PISTE - Come in ogni rompicapo quando non si trova via d'uscita, a rischiare grosso c'è sempre il capro espiatorio. Dall'inizio spunta la pista romena, l'auto nera e misteriosa. In casa Scazzi c'è davvero una romena, Maria, la badante del papà adottivo di Concetta che ormai è in fin di vita (morirà a settembre e avrà un funerale affollato di telecamere che mai avrebbe immaginato). Quando Concetta si rivolge prima al Tg2 e poi a La vita in diretta e dice «indagate su di noi, su chi era in casa, sulla famiglia», tutti volgono gli occhi verso Maria la romena e il fratello che è venuto a trovarla a luglio. In realtà la mamma di Sarah, che è una donna emotivamente piena di problemi, sta dando, a modo suo, un'indicazione precisa. Forse sa qualcosa, forse ha intuito. Nessuno la capisce.

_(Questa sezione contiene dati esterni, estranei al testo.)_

lemma E_set_concat:
  assumes p: "p \<ge> 2" and U: "U \<in> E_set D p r" and U': "U' \<in> E_set D p r'"
    and eq: "phi D p r U 0 = phi D p r' U' 0"
  shows "concat_tuple p r U' U \<in> E_set D p (r + r')"
proof -
  let ?V = "concat_tuple p r U' U"
  have r: "r \<ge> 1" and r': "r' \<ge> 1"
    using E_set_length_pos[OF U] E_set_length_pos[OF U'] .
  have "?V d = 0" if "d \<notin> D" for d
    using U U' that by (simp add: E_set_def concat_tuple_def)
  moreover have "?V d \<le> p ^ (r + r') - 1" if "d \<in> D" for d
    using concat_less[of "U d" p r "U' d" r'] E_set_less[OF U] E_set_less[OF U'] p that
    by (simp add: concat_tuple_def)
  moreover have "(\<Sum>d\<in>D. ?V d * d i) mod (p ^ (r + r') - 1) = 0" for i
  proof -
    have "(p ^ r - 1) dvd (\<Sum>d\<in>D. U d * d i)"
      using U by (simp add: E_set_def dvd_eq_mod_eq_0)
    then obtain a where a: "(\<Sum>d\<in>D. U d * d i) = (p ^ r - 1) * a" ..
    have "real (\<Sum>d\<in>D. ?V d * d i) = (real p ^ (r + r') - 1) * phi D p r U 0 i"
      using weight_eq_phi_0[OF p, where R="r + r'" and D=D and W="?V" and j=i] phi_concat_0[OF p r r' eq] r by simp
    also have "phi D p r U 0 i = real a"
      using a real_pow_minus_one_pos[OF p r] p by (simp add: phi_0 of_nat_diff)
    finally have "real (\<Sum>d\<in>D. ?V d * d i) = real ((p ^ (r + r') - 1) * a)"
      using p by (simp add: of_nat_diff)
    then show ?thesis
      by (simp only: of_nat_eq_iff) simp
  qed
  moreover have "(\<Sum>d\<in>D. ?V d * d i) > 0" for i
  proof -
    have "(\<Sum>d\<in>D. U d * d i) \<le> (\<Sum>d\<in>D. ?V d * d i)"
      by (intro sum_mono) (simp add: concat_tuple_def)
    moreover have "(\<Sum>d\<in>D. U d * d i) > 0"
      using U by (simp add: E_set_def)
    ultimately show ?thesis
      by simp
  qed
  ultimately show ?thesis
    by (simp add: E_set_def)
qed

lemma sp_tuple_concat:
  assumes p: "p \<ge> 2" and U: "\<forall>d\<in>D. U d < p ^ r"
  shows "sp_tuple D p (concat_tuple p r U' U) = sp_tuple D p U' + sp_tuple D p U"
  unfolding sp_tuple_def concat_tuple_def
  using U digit_sum_concat[OF p] by (simp add: sum.distrib cong: sum.cong)

lemma minimal_concat:
  assumes p: "p \<ge> 2" and U: "minimal D p r U" and U': "minimal D p r' U'"
    and eq: "phi D p r U 0 = phi D p r' U' 0"
  shows "minimal D p (r + r') (concat_tuple p r U' U)"
proof -
  have UE: "U \<in> E_set D p r" and U'E: "U' \<in> E_set D p r'"
    using U U' by (simp_all add: minimal_def)
  have "sp_tuple D p (concat_tuple p r U' U) = sp_tuple D p U' + sp_tuple D p U"
    using sp_tuple_concat[OF p] E_set_less[OF UE] p by simp
  then show ?thesis
    using E_set_concat[OF p UE U'E eq] U U' by (simp add: minimal_def algebra_simps)
qed

lemma phi_concat_low:
  assumes p: "p \<ge> 2" and U: "U \<in> E_set D p r" and U': "U' \<in> E_set D p r'"
    and eq: "phi D p r U 0 = phi D p r' U' 0" and i: "i \<le> r'"
  shows "phi D p (r + r') (concat_tuple p r U' U) i = phi D p r' U' i"
proof
  fix j
  let ?V = "concat_tuple p r U' U"
  have r: "r \<ge> 1" and r': "r' \<ge> 1"
    using E_set_length_pos[OF U] E_set_length_pos[OF U'] .
  have "(\<Sum>d\<in>D. ?V d div p ^ (r + r' - i) * d j) = (\<Sum>d\<in>D. U' d div p ^ (r' - i) * d j)"
  proof (intro sum.cong refl)
    fix d assume "d \<in> D"
    then have "U d < p ^ r"
      using E_set_less[OF U] p by simp
    then have "?V d div p ^ (r + (r' - i)) = U' d div p ^ (r' - i)"
      by (simp add: concat_tuple_def concat_div_high)
    then show "?V d div p ^ (r + r' - i) * d j = U' d div p ^ (r' - i) * d j"
      using i by simp
  qed
  then show "phi D p (r + r') ?V i j = phi D p r' U' i j"
    using phi_eq_pow_mult_phi_0[OF p _ _ E_set_less[OF E_set_concat[OF p U U' eq]], of i j]
      phi_eq_pow_mult_phi_0[OF p r' i E_set_less[OF U'], of j] phi_concat_0[OF p r r' eq] eq i p r
    by simp
qed

lemma phi_concat_high:
  assumes p: "p \<ge> 2" and U: "U \<in> E_set D p r" and U': "U' \<in> E_set D p r'"
    and eq: "phi D p r U 0 = phi D p r' U' 0" and i: "i \<le> r"
  shows "phi D p (r + r') (concat_tuple p r U' U) (i + r') = phi D p r U i"
proof
  fix j
  let ?V = "concat_tuple p r U' U" and ?c = "phi D p r U 0 j"
    and ?high = "real (\<Sum>d\<in>D. U d div p ^ (r - i) * d j)"
  have r: "r \<ge> 1" and r': "r' \<ge> 1"
    using E_set_length_pos[OF U] E_set_length_pos[OF U'] .
  have "(\<Sum>d\<in>D. ?V d div p ^ (r + r' - (i + r')) * d j)
      = (\<Sum>d\<in>D. p ^ i * (U' d * d j) + U d div p ^ (r - i) * d j)"
    using concat_div_low[of p "r - i" r] p i by (intro sum.cong refl) (simp add: concat_tuple_def algebra_simps)
  also have "\<dots> = p ^ i * (\<Sum>d\<in>D. U' d * d j) + (\<Sum>d\<in>D. U d div p ^ (r - i) * d j)"
    by (simp add: sum.distrib sum_distrib_left)
  finally have "real (\<Sum>d\<in>D. ?V d div p ^ (r + r' - (i + r')) * d j)
      = real p ^ i * ((real p ^ r' - 1) * ?c) + ?high"
    using weight_eq_phi_0[OF p r', where D=D and W=U' and j=j] eq by simp
  then have "phi D p (r + r') ?V (i + r') j
      = real p ^ (i + r') * ?c - (real p ^ i * ((real p ^ r' - 1) * ?c) + ?high)"
    using phi_eq_pow_mult_phi_0[OF p _ _ E_set_less[OF E_set_concat[OF p U U' eq]], of "i + r'" j]
      phi_concat_0[OF p r r' eq] i p r by simp
  also have "\<dots> = real p ^ i * ?c - ?high"
    by (simp add: power_add algebra_simps)
  also have "\<dots> = phi D p r U i j"
    using phi_eq_pow_mult_phi_0[OF p r i E_set_less[OF U], of j] p by simp
  finally show "phi D p (r + r') ?V (i + r') j = phi D p r U i j" .
qed

text \<open>The hypotheses that \<open>D\<close> is finite and lies in no coordinate hyperplane belong to the
  setting in which \<open>\<delta>\<^sub>p(D)\<close> is studied; the argument does not use them.\<close>

theorem lemma2p12:
  fixes D :: "('n::finite \<Rightarrow> nat) set" and p r r' :: nat
    and U U' :: "('n \<Rightarrow> nat) \<Rightarrow> nat"
  assumes "finite D"
    and "\<forall>i. \<exists>d\<in>D. d i \<noteq> 0"
    and "prime p"
    and "minimal D p r U"
    and "minimal D p r' U'"
    and "phi D p r U 0 = phi D p r' U' 0"
  shows "minimal D p (r + r') (\<lambda>d. p ^ r * U' d + U d)
    \<and> (\<forall>i. i \<le> r' \<longrightarrow> phi D p (r + r') (\<lambda>d. p ^ r * U' d + U d) i = phi D p r' U' i)
    \<and> (\<forall>i. 1 \<le> i \<and> i \<le> r - 1 \<longrightarrow>
          phi D p (r + r') (\<lambda>d. p ^ r * U' d + U d) (i + r') = phi D p r U i)"
proof -
  have p: "p \<ge> 2"
    using \<open>prime p\<close> by (rule prime_ge_2_nat)
  have U: "U \<in> E_set D p r" and U': "U' \<in> E_set D p r'"
    using assms(4,5) by (simp_all add: minimal_def)
  show ?thesis
    using minimal_concat[OF p assms(4-6)] phi_concat_low[OF p U U' assms(6)]
      phi_concat_high[OF p U U' assms(6)]
    by (auto simp: concat_tuple_def)
qed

CELLULARE - Qualcosa si comincia a capire quando salta fuori, dopo 35 giorni, il cellulare della figlia. A sette chilometri da Avetrana, lungo la strada per Nardò, in un campo. Lo trova zio Michele. Finora, su questo set permanente in cui s'è trasformato dall'inizio l'enigma di Avetrana, Michele Misseri è rimasto nell'ombra, un'ombra sfuggente che passa nel giardino di via Deledda mentre le donne di famiglia recitano da protagoniste. Ora i riflettori gli si accendono addosso: perché le probabilità che proprio lo zio di Sarah, proprio il papà di Sabrina, trovi dopo più d'un mese in mezzo a un campo il cellulare della nipote (senza scheda sim e senza batteria) sono pari a quelle di fare tredici al totocalcio. «Stavo bruciando le stoppie, era come se Sarah mi stesse chiamando», dice lui, prima ai carabinieri, poi alle telecamere. «Ero tornato a cercare un cacciavite e ho trovato il cellulare...», ripete, piangendo. Ma quel cellulare, troppo integro per star lì da 35 giorni, è un atto d'accusa, non può essere un caso. «Era come se Sarah mi stesse chiamando», dice lui ai cronisti, e forse ha già voglia di svelare di più: «Me la rivedo ancora qui in cantina, Sarah», dice una sera alle tv, e piange. Gli dicono: dai, Michele, faccela vedere la cantina. «Magari un'altra volta», dice lui, mentre Valentina, la figlia grande, lo trascina via: «Basta, papà, basta». Ormai è questione di giorni, di ore. Tutto è successo lì sotto.